Collected data

lemma mixed_difference_quotient_tendsto:
  fixes g gu guv :: "'a::real_normed_vector \<Rightarrow> real"
  assumes S: "open S" "X \<in> S"
    and du: "\<forall>Y\<in>S. ((\<lambda>s. g (Y + s *\<^sub>R u)) has_real_derivative gu Y) (at 0)"
    and duv: "\<forall>Y\<in>S. ((\<lambda>s. gu (Y + s *\<^sub>R v)) has_real_derivative guv Y) (at 0)"
    and cont: "continuous_on S guv"
  shows "((\<lambda>h. (g (X + h *\<^sub>R u + h *\<^sub>R v) - g (X + h *\<^sub>R u) - g (X + h *\<^sub>R v) + g X) / (h * h))
           \<longlongrightarrow> guv X) (at_right 0)"
proof (rule tendstoI)
  fix e :: real assume "e > 0"
  have "isCont guv X" using cont S continuous_on_eq_continuous_at by blast
  then obtain d where d: "d > 0" "\<And>Y. dist Y X < d \<Longrightarrow> dist (guv Y) (guv X) < e"
    using \<open>e > 0\<close> unfolding continuous_at_eps_delta by blast
  obtain r where r: "r > 0" "ball X r \<subseteq> S" using S open_contains_ball by blast
  define N where "N = norm u + norm v + 1"
  have N: "N > 0" by (simp add: N_def add_nonneg_pos)
  show "\<forall>\<^sub>F h in at_right 0.
          dist ((g (X + h *\<^sub>R u + h *\<^sub>R v) - g (X + h *\<^sub>R u) - g (X + h *\<^sub>R v) + g X) / (h * h)) (guv X) < e"
    unfolding eventually_at_right_field
  proof (intro exI[of _ "min d r / N"] conjI allI impI)
    show "0 < min d r / N" using d r N by simp
    fix h :: real assume h: "0 < h" "h < min d r / N"
    have near: "dist (X + a *\<^sub>R u + b *\<^sub>R v) X < min d r" if "a \<in> {0..h}" "b \<in> {0..h}" for a b
    proof -
      have "dist (X + a *\<^sub>R u + b *\<^sub>R v) X \<le> a * norm u + b * norm v"
        using norm_triangle_ineq[of "a *\<^sub>R u" "b *\<^sub>R v"] that by (simp add: dist_norm)
      also have "\<dots> \<le> h * N"
      proof -
        have "a * norm u \<le> h * norm u" "b * norm v \<le> h * norm v"
          using that by (auto intro: mult_right_mono)
        then show ?thesis using h by (simp add: N_def distrib_left)
      qed
      also have "\<dots> < min d r" using h N by (simp add: pos_less_divide_eq)
      finally show ?thesis .
    qed
    have box: "X + a *\<^sub>R u + b *\<^sub>R v \<in> S" if "0 \<le> a" "a \<le> h" "0 \<le> b" "b \<le> h" for a b
      using near[of a b] that r by (auto simp: dist_commute)
    from mixed_difference_mvt[OF du duv less_imp_le[OF h(1)] box]
    obtain a b where ab: "a \<in> {0..h}" "b \<in> {0..h}"
      "g (X + h *\<^sub>R u + h *\<^sub>R v) - g (X + h *\<^sub>R u) - g (X + h *\<^sub>R v) + g X = h * h * guv (X + a *\<^sub>R u + b *\<^sub>R v)"
      by auto
    show "dist ((g (X + h *\<^sub>R u + h *\<^sub>R v) - g (X + h *\<^sub>R u) - g (X + h *\<^sub>R v) + g X) / (h * h)) (guv X) < e"
      using ab d(2)[of "X + a *\<^sub>R u + b *\<^sub>R v"] near[OF ab(1,2)] h by simp
  qed
qed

• **What you need to do**: Copy the lines above exactly, from the very first through the one containing "proof (rule tendstoI)", and include no other line.

• **Solution to this task**:
lemma mixed_difference_quotient_tendsto:
  fixes g gu guv :: "'a::real_normed_vector \<Rightarrow> real"
  assumes S: "open S" "X \<in> S"
    and du: "\<forall>Y\<in>S. ((\<lambda>s. g (Y + s *\<^sub>R u)) has_real_derivative gu Y) (at 0)"
    and duv: "\<forall>Y\<in>S. ((\<lambda>s. gu (Y + s *\<^sub>R v)) has_real_derivative guv Y) (at 0)"
    and cont: "continuous_on S guv"
  shows "((\<lambda>h. (g (X + h *\<^sub>R u + h *\<^sub>R v) - g (X + h *\<^sub>R u) - g (X + h *\<^sub>R v) + g X) / (h * h))
           \<longlongrightarrow> guv X) (at_right 0)"
proof (rule tendstoI)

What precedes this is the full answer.